Once upon a Winter Games, Olympians were tweeting from Russia. If anything unusual happened in the Olympic Village, the athletes would cry, “#SochiProblems.” Then all the people on the Internet would rush to laugh and embed their tweets.
The Olympians had little to do between events at these Winter Games and one U.S. luger thought it would be fun to cry, “Wolf!” when there was no wolf. With the help of television host and veteran hoaxer Jimmy Kimmel, U.S. luge star Kate Hansen actually tweeted out "Wolf in my hall?!?" very early on Thursday morning with a YouTube video seemingly showing a wolf in her hall.

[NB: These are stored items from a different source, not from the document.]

(* Let $\pi_3=2\int_0^1\frac{\mathrm{d}t}{\sqrt{1-t^6}}$ and let $\mathrm{sleaf}_3:\mathbb{R}\to\mathbb{R}$ be the leaf function of basis $3$. For every integer $m$: (i) if $\frac{\pi_3}{2}(4m-1)\le l\le\frac{\pi_3}{2}(4m+1)$, then $\mathrm{sleaf}_3(2l)=\dfrac{2\,\mathrm{sleaf}_3(l)\sqrt{1-(\mathrm{sleaf}_3(l))^6}}{\sqrt{1+8(\mathrm{sleaf}_3(l))^6}}$; (ii) if $\frac{\pi_3}{2}(4m+1)\le l\le\frac{\pi_3}{2}(4m+3)$, then $\mathrm{sleaf}_3(2l)=-\dfrac{2\,\mathrm{sleaf}_3(l)\sqrt{1-(\mathrm{sleaf}_3(l))^6}}{\sqrt{1+8(\mathrm{sleaf}_3(l))^6}}$.
   Context: For a natural number $n$, the leaf function $\mathrm{sleaf}_n:\mathbb{R}\to\mathbb{R}$ is the solution of $\frac{\mathrm{d}^2r}{\mathrm{d}l^2}=-n\,r^{2n-1}$ with $r(0)=0$, $r'(0)=1$; it is periodic with period $2\pi_n$, where $\pi_n=2\int_0^1\frac{\mathrm{d}t}{\sqrt{1-t^{2n}}}$, and on $[-\pi_n/2,\pi_n/2]$ it is the inverse of $r\mapsto\int_0^r\frac{\mathrm{d}t}{\sqrt{1-t^{2n}}}$. *)

theory Defs
  imports "HOL-Analysis.Analysis"
begin

text \<open>pi_n = 2 * int_0^1 dt / sqrt(1 - t^(2n)) (Henstock-Kurzweil integral; the
  integrand is absolutely integrable, so this is the improper integral).\<close>
definition leaf_pi :: "nat \<Rightarrow> real" where
  "leaf_pi n = 2 * integral {0..1} (\<lambda>t. 1 / sqrt (1 - t ^ (2 * n)))"

definition sleaf :: "nat \<Rightarrow> real \<Rightarrow> real" where
  "sleaf n = (THE r. \<exists>r'. r 0 = 0 \<and> r' 0 = 1 \<and>
     (\<forall>x. (r has_real_derivative r' x) (at x)) \<and>
     (\<forall>x. (r' has_real_derivative (- real n * r x ^ (2 * n - 1))) (at x)))"

end

(* The initial value problem r'' = -3 r^5, r(0) = 0, r'(0) = 1 has at most one solution:
   the first integral r'^2 + r^6 = 1 gives |r| <= 1, so the nonlinearity is Lipschitz and a
   Gronwall argument applies.

   Duplication: if (r, r') solves the problem, so does x |-> D(x/2) with
   D = 2 r r' / sqrt (1 + 8 r^6); hence sleaf_3 (2 l) = 2 s s' / sqrt (1 + 8 s^6) with
   s = sleaf_3 l and s' its derivative.

   Sign of s': an explicit solution is sin (theta l), where theta inverts
   theta |-> int_0^theta d phi / sqrt (1 + sin^2 phi + sin^4 phi).  Since
   1 - s^6 = (1 - s^2) (1 + s^2 + s^4), its derivative is
   cos theta * sqrt (1 + sin^2 theta + sin^4 theta) = +- sqrt (1 - s^6), with the sign of
   cos theta.  The substitution t = sin phi turns pi_3 / 2 into the integral up to pi/2, so
   cos theta changes sign exactly at the odd multiples of pi_3 / 2. *)

theory Submission
  imports Defs
begin

lemma abs_power_diff_le:
  fixes x y :: real
  assumes "\<bar>x\<bar> \<le> 1" "\<bar>y\<bar> \<le> 1"
  shows "\<bar>x ^ k - y ^ k\<bar> \<le> k * \<bar>x - y\<bar>"
proof -
  have "\<bar>\<Sum>i<k. y ^ (k - Suc i) * x ^ i\<bar> \<le> (\<Sum>i<k. 1)"
    by (rule order_trans[OF sum_abs sum_mono])
       (use assms in \<open>simp add: abs_mult power_abs power_le_one mult_le_one\<close>)
  then have "\<bar>x - y\<bar> * \<bar>\<Sum>i<k. y ^ (k - Suc i) * x ^ i\<bar> \<le> \<bar>x - y\<bar> * k"
    by (simp add: mult_left_mono)
  then show ?thesis
    by (simp add: power_diff_sumr2 abs_mult mult.commute)
qed

lemma nonneg_eq_0_if_deriv_bounded:
  fixes E E' :: "real \<Rightarrow> real"
  assumes "\<And>x. (E has_real_derivative E' x) (at x)"
    and "\<And>x. \<bar>E' x\<bar> \<le> c * E x" "\<And>x. 0 \<le> E x" "E 0 = 0"
  shows "E x = 0"
proof -
  have right: "F y = 0"
    if F: "\<And>x. (F has_real_derivative F' x) (at x)" "\<And>x. \<bar>F' x\<bar> \<le> c * F x" "\<And>x. 0 \<le> F x" "F 0 = 0"
      and "0 \<le> y" for F F' :: "real \<Rightarrow> real" and y
  proof -
    have "F y * exp (- c * y) \<le> F 0 * exp (- c * 0)"
    proof (rule DERIV_nonpos_imp_nonincreasing[OF \<open>0 \<le> y\<close>])
      fix x
      have "((\<lambda>x. F x * exp (- c * x)) has_real_derivative (F' x - c * F x) * exp (- c * x)) (at x)"
        using F(1) by (auto intro!: derivative_eq_intros simp: algebra_simps)
      moreover have "(F' x - c * F x) * exp (- c * x) \<le> 0"
        using F(2)[of x] by (simp add: mult_nonpos_nonneg)
      ultimately show "\<exists>d. ((\<lambda>x. F x * exp (- c * x)) has_real_derivative d) (at x) \<and> d \<le> 0"
        by blast
    qed
    then show ?thesis using F(3)[of y] F(4) by (simp add: mult_le_0_iff)
  qed
  show ?thesis
  proof (cases "0 \<le> x")
    case True
    then show ?thesis using right[OF assms] by blast
  next
    case False
    have "((\<lambda>x. E (- x)) has_real_derivative - E' (- x)) (at x)" for x
      using DERIV_chain2[OF assms(1) DERIV_minus[OF DERIV_ident]] by simp
    from right[of "\<lambda>x. E (- x)", OF this _ assms(3) _, of "- x"] False assms(2,4) show ?thesis
      by simp
  qed
qed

All the vigilant people of the Internet (including HuffPost Sports) came running to gawk.
— Kate Hansen (@k8ertotz) February 20, 2014
But there was no wolf. The video was created by Kimmel in his studio, just like that epic twerking fail that went viral last year. Understandably, the security people in the Olympic Village were freaked out by the luger's Kimmel-aided prank.

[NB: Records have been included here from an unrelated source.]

(* Let $P$ be an $n$-element poset, $L$ a labeling of $P$, $x_0\in P$, $\tilde P=P\setminus\{x_0\}$ with the induced order, and $\tilde L=\mathrm{st}(L|_{\tilde P})$. Let $\gamma\ge0$ and suppose $x_0$ is not in the promotion chain of $L_\alpha$ for any $\alpha\in\{0,\ldots,\gamma-1\}$. Then $\mathrm{st}(L_\gamma|_{\tilde P})=\tilde\partial^{\gamma}(\tilde L)$, where $\tilde\partial$ denotes promotion on labelings of the $(n-1)$-element poset $\tilde P$.
   Context: A labeling of an $m$-element poset is a bijection to $[m]$. Promotion $\partial$ on an $m$-element poset: for non-maximal $y$, the $L$-successor of $y$ is the element greater than $y$ with minimal label; the promotion chain is $v_1=L^{-1}(1)$, $v_{i+1}$ the $L$-successor of $v_i$, ending at the first maximal $v_p$; $\partial(L)(y)=L(y)-1$ off the chain, $\partial(L)(v_i)=L(v_{i+1})-1$ for $i<p$, $\partial(L)(v_p)=m$. $L_\gamma=\partial^\gamma(L)$. For an injective $f:Y\to\mathbb Z$ on an $m$-element set, the standardization $\mathrm{st}(f)$ is the unique bijection $g:Y\to[m]$ with $g(y)<g(y')$ iff $f(y)<f(y')$. *)

theory Defs
  imports Main
begin

definition is_poset :: "'a set \<Rightarrow> ('a \<Rightarrow> 'a \<Rightarrow> bool) \<Rightarrow> bool" where
  "is_poset P le \<longleftrightarrow> finite P \<and>
     (\<forall>x\<in>P. le x x) \<and>
     (\<forall>x\<in>P. \<forall>y\<in>P. le x y \<and> le y x \<longrightarrow> x = y) \<and>
     (\<forall>x\<in>P. \<forall>y\<in>P. \<forall>z\<in>P. le x y \<and> le y z \<longrightarrow> le x z)"

definition is_labeling :: "'a set \<Rightarrow> ('a \<Rightarrow> nat) \<Rightarrow> bool" where
  "is_labeling P L \<longleftrightarrow> bij_betw L P {1..card P}"

definition is_maximal :: "'a set \<Rightarrow> ('a \<Rightarrow> 'a \<Rightarrow> bool) \<Rightarrow> 'a \<Rightarrow> bool" where
  "is_maximal P le y \<longleftrightarrow> y \<in> P \<and> \<not> (\<exists>z\<in>P. le y z \<and> z \<noteq> y)"

definition lsucc :: "'a set \<Rightarrow> ('a \<Rightarrow> 'a \<Rightarrow> bool) \<Rightarrow> ('a \<Rightarrow> nat) \<Rightarrow> 'a \<Rightarrow> 'a" where
  "lsucc P le L y = arg_min L (\<lambda>z. z \<in> P \<and> le y z \<and> z \<noteq> y)"

text \<open>v_(i+1) in the paper's 1-based indexing is chain_elem P le L i.\<close>
definition chain_elem :: "'a set \<Rightarrow> ('a \<Rightarrow> 'a \<Rightarrow> bool) \<Rightarrow> ('a \<Rightarrow> nat) \<Rightarrow> nat \<Rightarrow> 'a" where
  "chain_elem P le L i = (lsucc P le L ^^ i) (inv_into P L 1)"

“Honestly, there was a little bit more backlash than I thought there would be but it was all worth it in the end” Hansen said during a Skype conversation with Kimmel after the hoax was unmasked.
WATCH HANSEN AND KIMMEL DISCUSS PRANK ABOVE
“Security started freaking out, because technically there was a breach, you know, with athlete safety. It kind of went a little crazy over here," she told Kimmel. "But I handled it.”

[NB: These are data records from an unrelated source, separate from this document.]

(* Let $X$ be a Minkowski space whose closed unit ball $B$ is a polytope, and let $f$ be the largest number of facets (faces of codimension one within the face itself) that a proper face of $B$ can have. Then $m(X)\geq f$.
   Context: A Minkowski space is a finite-dimensional real normed space $(X,\|\cdot\|)$. For a set $S\subseteq X$, its midpoint set is $M(S)=\{\tfrac12(x+y): x,y\in S,\ x\neq y\}$. A set $S\subseteq X$ is an M-set if every vector in $M(S)$ has norm exactly $1$ and every vector in $S$ has norm strictly greater than $1$. $m(X)$ denotes the largest cardinality of an M-set in $X$ if such a largest finite cardinality exists, and $m(X)=\infty$ otherwise. *)

theory Defs
  imports "HOL-Analysis.Analysis" "HOL-Library.Extended_Nat"
begin

text \<open>A Minkowski space is modelled as a finite-dimensional real vector space
  (a type of class euclidean_space, used only for its linear structure) equipped
  with an arbitrary norm N.\<close>

definition is_norm :: "('a::euclidean_space \<Rightarrow> real) \<Rightarrow> bool" where
  "is_norm N \<longleftrightarrow>
     (\<forall>x. N x = 0 \<longleftrightarrow> x = 0) \<and>
     (\<forall>x y. N (x + y) \<le> N x + N y) \<and>
     (\<forall>c x. N (c *\<^sub>R x) = \<bar>c\<bar> * N x)"

definition unit_ball :: "('a::euclidean_space \<Rightarrow> real) \<Rightarrow> 'a set" where
  "unit_ball N = {x. N x \<le> 1}"

definition midpoint_set :: "'a::real_vector set \<Rightarrow> 'a set" where
  "midpoint_set S = {(1/2) *\<^sub>R (x + y) | x y. x \<in> S \<and> y \<in> S \<and> x \<noteq> y}"

definition is_Mset :: "('a::euclidean_space \<Rightarrow> real) \<Rightarrow> 'a set \<Rightarrow> bool" where
  "is_Mset N S \<longleftrightarrow> (\<forall>v \<in> midpoint_set S. N v = 1) \<and> (\<forall>x \<in> S. N x > 1)"

definition m_number :: "('a::euclidean_space \<Rightarrow> real) \<Rightarrow> enat" where
  "m_number N =
     (if \<exists>S. is_Mset N S \<and> infinite S then \<infinity>
      else Sup {enat (card S) | S. is_Mset N S})"

definition max_facets_proper_face :: "('a::euclidean_space \<Rightarrow> real) \<Rightarrow> nat" where
  "max_facets_proper_face N =
     Max {card {G. G facet_of F} | F. F face_of unit_ball N \<and> F \<noteq> unit_ball N}"

end

theory Submission
  imports Defs
begin

text \<open>
  Let F be a proper face of the unit ball B with the maximal number k of
  facets.  Choose in the relative interior of each facet G of F a point p G, and a
  point c in the relative interior of F.  The midpoint of p G and p H for distinct
  facets G, H lies in no facet of F, hence in the relative interior of F.  Pushing
  every p G slightly away from c, i.e. replacing it by (1 + e) p G - e c for a small
  e > 0, moves the k points out of F but keeps all their pairwise midpoints inside F.  Afterwards
  we use that a nonempty proper face of the (symmetric) unit ball lies in a supporting
  hyperplane a \<bullet> x = b with b > 0: then F consists of vectors of norm 1, while
  points of that hyperplane outside F have norm greater than 1.  So the pushed points
  form an M-set with k elements, which gives m(X) \<ge> k.
\<close>

section \<open>Stretching points away from a centre\<close>

definition stretch :: "real \<Rightarrow> 'a::real_vector \<Rightarrow> 'a \<Rightarrow> 'a" where
  "stretch e c p = (1 + e) *\<^sub>R p - e *\<^sub>R c"

lemma midpoint_stretch:
  "(1/2) *\<^sub>R (stretch e c p + stretch e c q) = stretch e c (midpoint p q)"
proof -
  have "(e / 2) *\<^sub>R c + (e / 2) *\<^sub>R c = e *\<^sub>R c" by (simp flip: scaleR_add_left)
  then show ?thesis
    unfolding stretch_def midpoint_def scaleR_diff_right scaleR_add_right scaleR_scaleR
    by (simp add: algebra_simps)
qed

lemma inj_stretch:
  assumes "e > 0"
  shows "inj (stretch e c)"
  using assms by (intro injI) (simp add: stretch_def)

lemma stretch_in_affine_hull:
  assumes "p \<in> affine hull F" "c \<in> affine hull F"
  shows "stretch e c p \<in> affine hull F"
proof -
  have "(1 + e) *\<^sub>R p + (- e) *\<^sub>R c \<in> affine hull F"
    using assms by (intro mem_affine[OF affine_affine_hull]) auto
  then show ?thesis unfolding stretch_def by (simp add: algebra_simps)
qed

lemma eventually_stretch_in:
  fixes F :: "'a::euclidean_space set"
  assumes "convex F" "c \<in> affine hull F" "m \<in> rel_interior F"
  shows "eventually (\<lambda>e. stretch e c m \<in> F) (at_right 0)"
proof -
  obtain t where t: "t > 1" "\<And>e. e > 1 \<and> e \<le> t \<Longrightarrow> (1 - e) *\<^sub>R c + e *\<^sub>R m \<in> F"
    using bspec[OF convex_rel_interior_if[OF assms(1,3)] assms(2)] by blast
  show ?thesis unfolding eventually_at_right_field
  proof (intro exI[of _ "t - 1"] conjI allI impI)
    show "0 < t - 1" using t by simp
    fix e :: real assume "0 < e" "e < t - 1"
    then have "(1 - (1 + e)) *\<^sub>R c + (1 + e) *\<^sub>R m \<in> F" using t(2)[of "1 + e"] by simp
    then show "stretch e c m \<in> F" unfolding stretch_def by (simp add: algebra_simps)
  qed
qed

lemma uniform_stretch_in:
  fixes F :: "'a::euclidean_space set"
  assumes "convex F" "c \<in> affine hull F" "finite P" "P \<subseteq> rel_interior F"
  obtains e where "e > 0" "\<And>m. m \<in> P \<Longrightarrow> stretch e c m \<in> F"
proof -
  have "eventually (\<lambda>e. \<forall>m\<in>P. stretch e c m \<in> F) (at_right 0)"
    using assms eventually_stretch_in[OF assms(1,2)] by (intro eventually_ball_finite) auto
  then obtain b :: real where "b > 0" "\<And>e. 0 < e \<Longrightarrow> e < b \<Longrightarrow> \<forall>m\<in>P. stretch e c m \<in> F"
    unfolding eventually_at_right_field by auto
  then show ?thesis using that[of "b / 2"] by auto
qed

Before Kimmel's next show began on Thursday evening, a publicist for the U.S. Luge Association told "Inside Edition" that Hansen teamed up with "Jimmy Kimmel Live" on the prank. Despite the uproar, Hansen and Kimmel thought the whole thing was so much fun that they discussed bringing a live bear to the closing ceremony.
"Let me see what I can find," she responded when Kimmel suggested another prank. "There is a kind of a lot of forest going on here but, you know, anything for you, Jimmy."
Unlike that boy from Aesop's Fables who cried "wolf" and was never believed again, Hansen was rewarded for her effort. Kimmel presented her with the gold medal for pranking. Perhaps more surprisingly, she even made someone from the IOC laugh.
"It made me kind of laugh as an individual, not as an IOC spokesman," International Olympic Committee spokesman Mark Adams told The Associated Press on Friday. "I don't think there's any harm done."